A man—a boy, really, probably sixteen and Hispanic—lies centered beneath the fluorescent bulbs, flat on his back, arms akimbo and his white Adidas low-tops touching at the heels to form a V. It isn’t hard to discern the dual gunshot wounds where bullets have cut through his once yellow flannel shirt and punctured his chest. The glossy off-color residue nesting atop the thick red blood haloes out from his head, indicating he’s probably been shot up there too, in the parietal. Likely he’d been shot twice in the chest, and when he’d fallen forward, they, whoever “they” was, shot him in the back of the head, execution-style. Then they kicked him onto his back and let gravity take over. He is fresh too—only a couple hours ago he’d probably been begging for his life, but now he is the textbook definition of dead.

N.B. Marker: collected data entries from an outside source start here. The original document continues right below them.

(* Let $B$ be a finite block size, $c\ge1$ an integer, $\gamma\in(0,1]$, and $k,k'$ positive integers with $k+k'=B$ and $1\le k'\le\lfloor \gamma k/c\rfloor$. The burning second-price auction with parameters $(B,c,\gamma,k,k')$ satisfies UIC, MIC and $c$-SCP under $\gamma$-strict utility.
   Context: Setting (TFM). Users $i$ have true values $v_i\ge0$ and submit single bids $b_i\ge0$. A block holds at most $B$ transactions. A TFM has an inclusion rule (run by the miner, selecting at most $B$ bids), and confirmation, payment and miner-revenue rules (run by the blockchain on the included bids, possibly using trusted on-chain randomness revealed after inclusion); confirmed bids pay at most their bid, unconfirmed bids pay $0$, the miner receives at most the total payment and the rest is burnt. Burning second-price auction with parameters $(B,c,\gamma,k,k')$: Inclusion: include the $B$ highest bids (ties broken arbitrarily), denoted $b_1\ge\dots\ge b_B$; empty slots count as bids of $0$. Confirmation: using on-chain randomness choose a uniformly random subset $S\subseteq\{b_1,\dots,b_k\}$ of size exactly $\lfloor\gamma k/c\rfloor$; exactly the bids in $S$ are confirmed. Payment: each confirmed bid pays $b_{k+1}$. Miner revenue: $\gamma(b_{k+1}+\dots+b_{k+k'})$; remaining payment is burnt. Strategic players: a single user, the miner, or a coalition of the miner with some users. They may have their users bid untruthfully after seeing all other bids, inject fake bids (true value $0$), and, if the miner is involved, include any set of at most $B$ available bids instead of following the inclusion rule. $\gamma$-strict utility of a player: the miner's revenue (if the miner belongs to the player), plus $v-p$ for each confirmed transaction of the player with true value $v$ and payment $p$, minus $\gamma(b-v)$ for each unconfirmed transaction of the player whose bid $b$ exceeds its true value $v$; expected utilities are used. Under $\gamma$-strict utility: UIC — assuming the miner follows the mechanism, each user's expected utility is maximized by truthful bidding without fake bids, whatever the other bids; MIC — the miner's expected utility is maximized by following the inclusion rule without fake bids, whatever the bids; $c$-SCP — for every coalition of the miner with between $1$ and $c$ users, expected joint utility is maximized by truthful bidding and honest miner behavior, whatever the other bids. *)

theory Defs
  imports "HOL-Probability.Probability"
begin

text \<open>Bids are a list bs of reals; transactions are identified by their index into bs.
  A block is an ordered list of distinct indices (the included transactions, listed
  in non-increasing order of bid, ties broken arbitrarily). Slot j (0-based) holds
  bid b_(j+1); empty slots count as bids of 0.\<close>

definition valid_block :: "nat \<Rightarrow> real list \<Rightarrow> nat list \<Rightarrow> bool" where
  "valid_block B bs blk \<longleftrightarrow>
     distinct blk \<and> set blk \<subseteq> {..<length bs} \<and> length blk \<le> B \<and>
     sorted_wrt (\<lambda>i j. bs ! j \<le> bs ! i) blk"

definition honest_block :: "nat \<Rightarrow> real list \<Rightarrow> nat list \<Rightarrow> bool" where
  "honest_block B bs blk \<longleftrightarrow>
     valid_block B bs blk \<and> length blk = min B (length bs) \<and>
     (\<forall>i\<in>set blk. \<forall>j<length bs. j \<notin> set blk \<longrightarrow> bs ! j \<le> bs ! i)"

definition slot :: "real list \<Rightarrow> nat list \<Rightarrow> nat \<Rightarrow> real" where
  "slot bs blk j = (if j < length blk then bs ! (blk ! j) else 0)"

definition n_conf :: "nat \<Rightarrow> real \<Rightarrow> nat \<Rightarrow> nat" where
  "n_conf c \<gamma> k = nat \<lfloor>\<gamma> * real k / real c\<rfloor>"

text \<open>On-chain randomness: a uniformly random set of exactly n_conf positions among
  the top k positions 0..k-1.\<close>
definition conf_sets :: "nat \<Rightarrow> nat \<Rightarrow> nat set set" where
  "conf_sets k m = {S. S \<subseteq> {..<k} \<and> card S = m}"

definition confirmed :: "nat list \<Rightarrow> nat set \<Rightarrow> nat set" where
  "confirmed blk S = {blk ! j | j. j \<in> S \<and> j < length blk}"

Near him, on an otherwise empty worktable mounted to the wall, sits a cardboard box about the size of a lunch pail. It is addressed to “Mr. Clean.”
I unfold the flaps of the box to find a note and a fresh stack of hundred-dollar bills clipped together. The note reads:
Mr. Clean. $5000 (minus the $400). If that’s good for u, take the money, do the job and shut up about it. If it’s not enough, leave the money, do the job for us as a favor, and we will leave u alone forever. Use whatever tools u need, cut the body into small pieces and bag ’em. Dig out the bullets. Scrub everything. Leave bags. There’s a hose in the side yard if u need water. Be smart, homey. Prob u want to be done before the neighborhood start wakin’ up.

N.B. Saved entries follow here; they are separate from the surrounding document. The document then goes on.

(* Let $\mathcal{M}=(M_i\colon i\in K)$ be a tight family of matroids on a common ground set $E$. Then every covering $(R_i\colon i\in K)$ of $\mathcal{M}$ is a partitioning of $\mathcal{M}$, i.e. the sets $R_i$ are pairwise disjoint, their union is $E$, and each $R_i$ is a base of $M_i$.
   Context: Matroids here are possibly infinite (given by independence axioms: $\emptyset$ independent, subsets of independent sets independent, the augmentation axiom relative to maximal independent sets, and that every independent subset of any $X\subseteq E$ extends to a maximal independent subset of $X$). Bases are maximal independent sets; circuits minimal dependent sets; $X$ spans $e$ if $e\in X$ or some circuit $C\ni e$ has $C\setminus\{e\}\subseteq X$; $S$ is spanning if it spans all of $E$. A covering of $\mathcal{M}$ is a family $(R_i\colon i\in K)$ with $R_i$ independent in $M_i$ and $\bigcup_i R_i=E$. The family $\mathcal{M}$ is tight if it admits a covering and for every covering $(R_i\colon i\in K)$ each $R_i$ is spanning in $M_i$. *)

theory Defs
  imports Main
begin

text \<open>A (possibly infinite) matroid on ground set E, given by its independence
predicate (independence axioms of Bruhn et al.).\<close>

definition maximal_indep_in :: "('a set \<Rightarrow> bool) \<Rightarrow> 'a set \<Rightarrow> 'a set \<Rightarrow> bool" where
  "maximal_indep_in indep X I \<longleftrightarrow>
     I \<subseteq> X \<and> indep I \<and> (\<forall>J. I \<subseteq> J \<and> J \<subseteq> X \<and> indep J \<longrightarrow> J = I)"

definition matroid :: "'a set \<Rightarrow> ('a set \<Rightarrow> bool) \<Rightarrow> bool" where
  "matroid E indep \<longleftrightarrow>
     (\<forall>I. indep I \<longrightarrow> I \<subseteq> E) \<and>
     indep {} \<and>
     (\<forall>I J. indep J \<and> I \<subseteq> J \<longrightarrow> indep I) \<and>
     (\<forall>I B. indep I \<and> \<not> maximal_indep_in indep E I \<and> maximal_indep_in indep E B \<longrightarrow>
        (\<exists>x \<in> B - I. indep (insert x I))) \<and>
     (\<forall>X I. X \<subseteq> E \<and> I \<subseteq> X \<and> indep I \<longrightarrow>
        (\<exists>J. I \<subseteq> J \<and> maximal_indep_in indep X J))"

definition base :: "'a set \<Rightarrow> ('a set \<Rightarrow> bool) \<Rightarrow> 'a set \<Rightarrow> bool" where
  "base E indep B \<longleftrightarrow> maximal_indep_in indep E B"

definition circuit :: "'a set \<Rightarrow> ('a set \<Rightarrow> bool) \<Rightarrow> 'a set \<Rightarrow> bool" where
  "circuit E indep C \<longleftrightarrow> C \<subseteq> E \<and> \<not> indep C \<and> (\<forall>D. D \<subset> C \<longrightarrow> indep D)"

definition spans :: "'a set \<Rightarrow> ('a set \<Rightarrow> bool) \<Rightarrow> 'a set \<Rightarrow> 'a \<Rightarrow> bool" where
  "spans E indep X e \<longleftrightarrow> e \<in> X \<or> (\<exists>C. circuit E indep C \<and> e \<in> C \<and> C - {e} \<subseteq> X)"

definition spanning :: "'a set \<Rightarrow> ('a set \<Rightarrow> bool) \<Rightarrow> 'a set \<Rightarrow> bool" where
  "spanning E indep S \<longleftrightarrow> (\<forall>e \<in> E. spans E indep S e)"

definition covering :: "'a set \<Rightarrow> 'k set \<Rightarrow> ('k \<Rightarrow> 'a set \<Rightarrow> bool) \<Rightarrow> ('k \<Rightarrow> 'a set) \<Rightarrow> bool" where
  "covering E K M R \<longleftrightarrow> (\<forall>i \<in> K. M i (R i)) \<and> (\<Union>i \<in> K. R i) = E"

definition tight :: "'a set \<Rightarrow> 'k set \<Rightarrow> ('k \<Rightarrow> 'a set \<Rightarrow> bool) \<Rightarrow> bool" where
  "tight E K M \<longleftrightarrow> (\<exists>R. covering E K M R) \<and>
     (\<forall>R. covering E K M R \<longrightarrow> (\<forall>i \<in> K. spanning E (M i) (R i)))"

end

theory Submission
  imports Defs
begin

text \<open>If some element \<open>e\<close> lay
  in two sets \<open>R i\<close> and \<open>R j\<close>, deleting it from \<open>R i\<close> would still give a covering, so
  \<open>R i - {e}\<close> would span \<open>e\<close>; the spanning circuit would then lie in the independent set
  \<open>R i\<close>. The same circuit argument shows that an independent spanning set is a base.\<close>

lemma matroid_indep_subset:
  assumes "matroid E indep" "indep J" "I \<subseteq> J"
  shows "indep I"
  using assms unfolding matroid_def by (metis (no_types))

lemma matroid_indep_subset_ground:
  assumes "matroid E indep" "indep I"
  shows "I \<subseteq> E"
  using assms unfolding matroid_def by (metis (no_types))

lemma indep_not_spans:
  assumes m: "matroid E indep" and J: "indep J" "e \<in> J" and X: "X \<subseteq> J - {e}"
  shows "\<not> spans E indep X e"
proof
  assume "spans E indep X e"
  then obtain C where C: "circuit E indep C" "e \<in> C" "C - {e} \<subseteq> X"
    using X unfolding spans_def by blast
  then have "C \<subseteq> J" using X J by blast
  then have "indep C" using matroid_indep_subset[OF m J(1)] by blast
  with C show False unfolding circuit_def by blast
qed

lemma indep_spanning_imp_base:
  assumes m: "matroid E indep" and I: "indep I" and s: "spanning E indep I"
  shows "base E indep I"
proof -
  have "J = I" if IJ: "I \<subseteq> J" "J \<subseteq> E" "indep J" for J
  proof (rule ccontr)
    assume "J \<noteq> I"
    then obtain e where e: "e \<in> J" "e \<notin> I" using IJ by blast
    then have "spans E indep I e" using s IJ unfolding spanning_def by blast
    moreover have "\<not> spans E indep I e"
      using indep_not_spans[OF m IJ(3) e(1)] IJ(1) e(2) by blast
    ultimately show False by contradiction
  qed
  then show ?thesis
    using I matroid_indep_subset_ground[OF m I] unfolding base_def maximal_indep_in_def by blast
qed

lemma covering_delete_duplicate:
  assumes m: "\<forall>i \<in> K. matroid E (M i)" and R: "covering E K M R"
    and ij: "i \<in> K" "j \<in> K" "i \<noteq> j" and e: "e \<in> R j"
  shows "covering E K M (R(i := R i - {e}))"
proof -
  have "M i (R i)" using R ij(1) unfolding covering_def by blast
  then have "M i (R i - {e})" using m ij(1) matroid_indep_subset by blast
  moreover have "(\<Union>k \<in> K. (R(i := R i - {e})) k) = (\<Union>k \<in> K. R k)"
    using e ij by auto
  ultimately show ?thesis using R unfolding covering_def by auto
qed

lemma tight_covering_spanning:
  assumes "tight E K M" "covering E K M R" "i \<in> K"
  shows "spanning E (M i) (R i)"
  using assms unfolding tight_def by blast

lemma tight_covering_disjoint:
  assumes m: "\<forall>i \<in> K. matroid E (M i)" and t: "tight E K M" and R: "covering E K M R"
    and ij: "i \<in> K" "j \<in> K" "i \<noteq> j"
  shows "R i \<inter> R j = {}"
proof (rule ccontr)
  assume "R i \<inter> R j \<noteq> {}"
  then obtain e where e: "e \<in> R i" "e \<in> R j" by blast
  have "spanning E (M i) (R i - {e})"
    using tight_covering_spanning[OF t covering_delete_duplicate[OF m R ij e(2)] ij(1)] by simp
  moreover have "e \<in> E" using e(1) ij(1) R unfolding covering_def by blast
  ultimately have "spans E (M i) (R i - {e}) e" unfolding spanning_def by blast
  moreover have "\<not> spans E (M i) (R i - {e}) e"
  proof (rule indep_not_spans)
    show "matroid E (M i)" using m ij(1) by blast
    show "M i (R i)" using R ij(1) unfolding covering_def by blast
  qed (use e(1) in auto)
  ultimately show False by contradiction
qed

lemma tight_covering_base:
  assumes m: "\<forall>i \<in> K. matroid E (M i)" and t: "tight E K M" and R: "covering E K M R"
    and i: "i \<in> K"
  shows "base E (M i) (R i)"
proof (rule indep_spanning_imp_base)
  show "matroid E (M i)" using m i by blast
  show "M i (R i)" using R i unfolding covering_def by blast
  show "spanning E (M i) (R i)" using tight_covering_spanning[OF t R i] .
qed

theorem proposition3p3:
  fixes E :: "'a set" and K :: "'k set" and M :: "'k \<Rightarrow> 'a set \<Rightarrow> bool"
    and R :: "'k \<Rightarrow> 'a set"
  assumes "\<forall>i \<in> K. matroid E (M i)"
    and "tight E K M"
    and "covering E K M R"
  shows "(\<forall>i \<in> K. \<forall>j \<in> K. i \<noteq> j \<longrightarrow> R i \<inter> R j = {})
         \<and> (\<Union>i \<in> K. R i) = E
         \<and> (\<forall>i \<in> K. base E (M i) (R i))"
  using tight_covering_disjoint[OF assms] tight_covering_base[OF assms] assms(3)
  unfolding covering_def by blast

end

I set the note back on top of the money and leave the box where it is, deciding to see how the job goes before I do anything rash. Back at the trunk of the Charger, I take out my other milk crate. This is a personal one—one I created expressly for the indeterminate day when I would receive said text message. Much like the milk crate of cleaning supplies I utilize in my day-to-day work, this milk crate has bleach, Simple Green, paper towels, Tyvek suits, and scrub brushes, but it also has a few additional supplies, which I’d purchased with my down payment monies. Dremel, Sawzall, bolt cutters, handsaw, scalpel, cleaver, and a long, rounded butcher knife with a finely sharpened, serrated edge. Also, I’d thrown in a whole shitload of trash bags and day-old editions of the L.A. Times I’d collected from a vending machine. The way I figure it, things are gonna get a whole lot more messy be
fore they get cleaner.
Suited with gloves on, I immediately set the Sawzall and Dremel off to the side. The last thing I want is to be in there, buzzing away, separating the kid’s humerus from his scapula, bone dust clouding up the joint, and have Inglewood PD roll in on a noise complaint.
Conveniently, there are several empty metal trashcans against the furthest wall of the dingy, mostly barren garage, and I take advantage of these, fitting black plastic bags inside, and relocating them to beside the body. Next I lay out my tools, readying my workspace for operation. I’ve got roughly six hours to sunrise and, without use of the electric tools, a shitload of work ahead of me.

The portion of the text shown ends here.